Une femme trans brûle chimiquement son pénis pour subir une opération de changement de sexe

Une femme transgenre en Australie a brûlé chimiquement son pénis afin de subir une chirurgie d’affirmation de genre, selon un rapport de cas du Département d’urologie, Royal North Shore Hospital à St Leonards.

Des chercheurs du North Shore Urology Research Group du Royal North Shore Hospital ont publié mercredi un rapport sur ScienceDirect.com, qui détaille un cas récent impliquant une femme de 57 ans qui a été assignée à un homme à la naissance et qui voulait une opération de changement de sexe. . La femme transgenre n’a pas été identifiée dans le rapport, mais il a noté que les chercheurs avaient reçu son consentement pour le publier.

“Nous présentons un cas de brûlure chimique du pénis auto-infligée nécessitant une pénectomie d’urgence chez une patiente trans-féminine”, indique le rapport. “Ce cas met en évidence les défis d’équilibrer une résection adéquate des tissus nécrotiques non viables tout en permettant une esthétique adéquate pour une future chirurgie d’affirmation de genre (GAS) dans un établissement quaternaire qui ne fournit pas de services de changement de sexe.”

Le rapport intervient alors qu’un certain nombre d’États américains ont cherché à adopter une législation interdisant les soins transgenres aux mineurs.
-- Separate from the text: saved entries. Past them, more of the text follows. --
lemma has_polar_fQ:
  assumes "n = e * m" "\<alpha> ^ 2 ^ e = \<alpha>" "\<beta> = \<alpha> ^ 2"
  shows "has_polar n (fQ n e m k \<alpha> \<beta> c)
    (\<lambda>z::'a. \<alpha> * (tr n (\<alpha> * z) + linearized e (pcompose (c_poly m c) (monom 1 k)) (\<alpha> * z)))"
proof -
  let ?I = "{1..(m - 1) div 2}"
  have \<beta>: "\<beta> ^ 2 ^ e = \<beta>"
    using assms(2,3) by (metis power_mult_distrib power2_eq_square)
  have fQ: "fQ n e m k \<alpha> \<beta> c = (\<lambda>x. p_fun n (\<alpha> * x)
      + (\<Sum>i\<in>?I. of_bit (c i) * tr n (\<beta> * x ^ (1 + 2 ^ (e * (k * i))))))"
    by (simp add: fun_eq_iff fQ_def of_bit_def mult.assoc)
  have L: "(\<lambda>z. \<alpha> * (tr n (\<alpha> * z) + linearized e (pcompose (c_poly m c) (monom 1 k)) (\<alpha> * z)))
      = (\<lambda>z. \<alpha> * (tr n (\<alpha> * z) + \<alpha> * z)
          + (\<Sum>i\<in>?I. of_bit (c i) * (\<beta> * (z ^ 2 ^ (e * (k * i)) + z ^ 2 ^ (e * (k * (m - i)))))))"
  proof -
    have \<alpha>z: "(\<alpha> * z) ^ 2 ^ (e * t) = \<alpha> * z ^ 2 ^ (e * t)" for z t
      using power_2_power_mult_eq_self[OF assms(2)] by (simp add: power_mult_distrib)
    show ?thesis
      unfolding linearized_c_poly_pcompose_monom \<alpha>z
      by (simp add: fun_eq_iff assms(3) distrib_left sum_distrib_left power2_eq_square ac_simps)
  qed
  have "has_polar n (\<lambda>x. tr n (\<beta> * x ^ (1 + 2 ^ (e * (k * i)))))
      (\<lambda>z. \<beta> * (z ^ 2 ^ (e * (k * i)) + z ^ 2 ^ (e * (k * (m - i)))))" if "i \<in> ?I" for i
  proof (rule has_polar_tr_power)
    have "i \<le> m"
      using that by auto
    then have "e * (k * i) + e * (k * (m - i)) = e * (k * (i + (m - i)))"
      by (simp only: add_mult_distrib2)
    then show "e * (k * i) + e * (k * (m - i)) = n * k"
      using \<open>i \<le> m\<close> assms(1) by simp
    show "\<beta> ^ 2 ^ (e * (k * (m - i))) = \<beta>"
      using \<beta> by (rule power_2_power_mult_eq_self)
  qed
  then show ?thesis
    unfolding fQ L
    by (intro has_polar_add has_polar_comp_mult[OF has_polar_p_fun] has_polar_sum has_polar_of_bit_mult)
qed
(* Let $f:\mathbb{N}\rightharpoonup\mathbb{N}$ be a partial function. Then the pca $\mathcal{K}_1^f$ is isomorphic to the pca $\mathcal{K}_1[f]$.
   Context: $\mathcal{K}_1$ is Kleene's first pca: underlying set $\mathbb{N}$, application $nm\simeq\varphi_n(m)$ where $\varphi_n$ is the $n$-th partial recursive function. $\mathcal{K}_1^f$ is the pca on $\mathbb{N}$ with application $nm\simeq\varphi^f_n(m)$, where $\varphi^f_n$ is the $n$-th partial function computable with an oracle for $f$. A pca is a set with a partial binary application admitting $K,S$ with $Kab=a$, $Sab{\downarrow}$, $Sabc\simeq ac(bc)$; each pca has fixed Booleans $\top,\bot$, pairing $p$ with projections $p_0,p_1$, and a coding $[u_0,\dots,u_{n-1}]$ of finite sequences with concatenation $\ast$. For a pca $A$ and partial $f:A\rightharpoonup A$, the pca $A[f]$ has underlying set $A$; an $f$-dialogue between $a,b$ is a code $u=[u_0,\dots,u_{n-1}]$ such that for each $i<n$ there is $v_i$ with $a\cdot([b]\ast[u_0,\dots,u_{i-1}])=p\bot v_i$ and $f(v_i)$ defined and equal to $u_i$; and $a\cdot^f b=c$ iff there is an $f$-dialogue $u$ between $a,b$ with $a\cdot([b]\ast u)=p\top c$. An applicative morphism $\gamma:A\to B$ is a function from $A$ to nonempty subsets of $B$ with some $r\in B$ such that $aa'{\downarrow}$, $b\in\gamma(a)$, $b'\in\gamma(a')$ imply $rbb'{\downarrow}$ and $rbb'\in\gamma(aa')$; composition is $(\delta\gamma)(a)=\bigcup_{b\in\gamma(a)}\delta(b)$, identities are $a\mapsto\{a\}$. Pcas $A,B$ are isomorphic if there are applicative morphisms $\gamma:A\to B$, $\delta:B\to A$ whose composites $\delta\gamma$, $\gamma\delta$ equal the identity morphisms. *)

theory Defs
  imports Main "HOL-Library.Nat_Bijection"
begin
Selon Human Rights Campaign, en plus d’interdire les soins médicaux transgenres aux mineurs, “certains États, comme l’Oklahoma, le Texas et la Caroline du Sud, ont envisagé d’interdire les soins aux personnes transgenres jusqu’à 26 ans”.

Le rapport ne donne pas de date exacte de l’incident, mais indique que la femme est arrivée au service des urgences d’un hôpital local sept jours après avoir souffert d’une brûlure chimique au pénis. Elle a été transférée au Royal North Shore Hospital pour un traitement supplémentaire peu de temps après.

L’étude a également noté que la chirurgie de réaffectation n’est “pas proposée par l’assurance maladie publique nationale australienne”.

Avant la chirurgie de la femme, le rapport notait qu’elle avait reçu une thérapie de privation d’androgènes, qui est utilisée pour réduire les hormones dans un corps. Cependant, selon le rapport, la femme a cessé d’utiliser la thérapie après avoir déménagé dans une zone plus rurale, où l’accès était limité.

“Notre objectif était de mettre en évidence les défis chirurgicaux de la pénectomie partielle et de la formation de néo-méat pour permettre le futur GAS [gender-affirming surgery] et souligner le manque d’infrastructures au sein du système de santé public pour la gestion de la dysphorie de genre à la fois dans les milieux ruraux et métropolitains », indique le rapport.

Newsweek a contacté l’un des chercheurs du rapport, Paul Kim, par e-mail pour commentaires.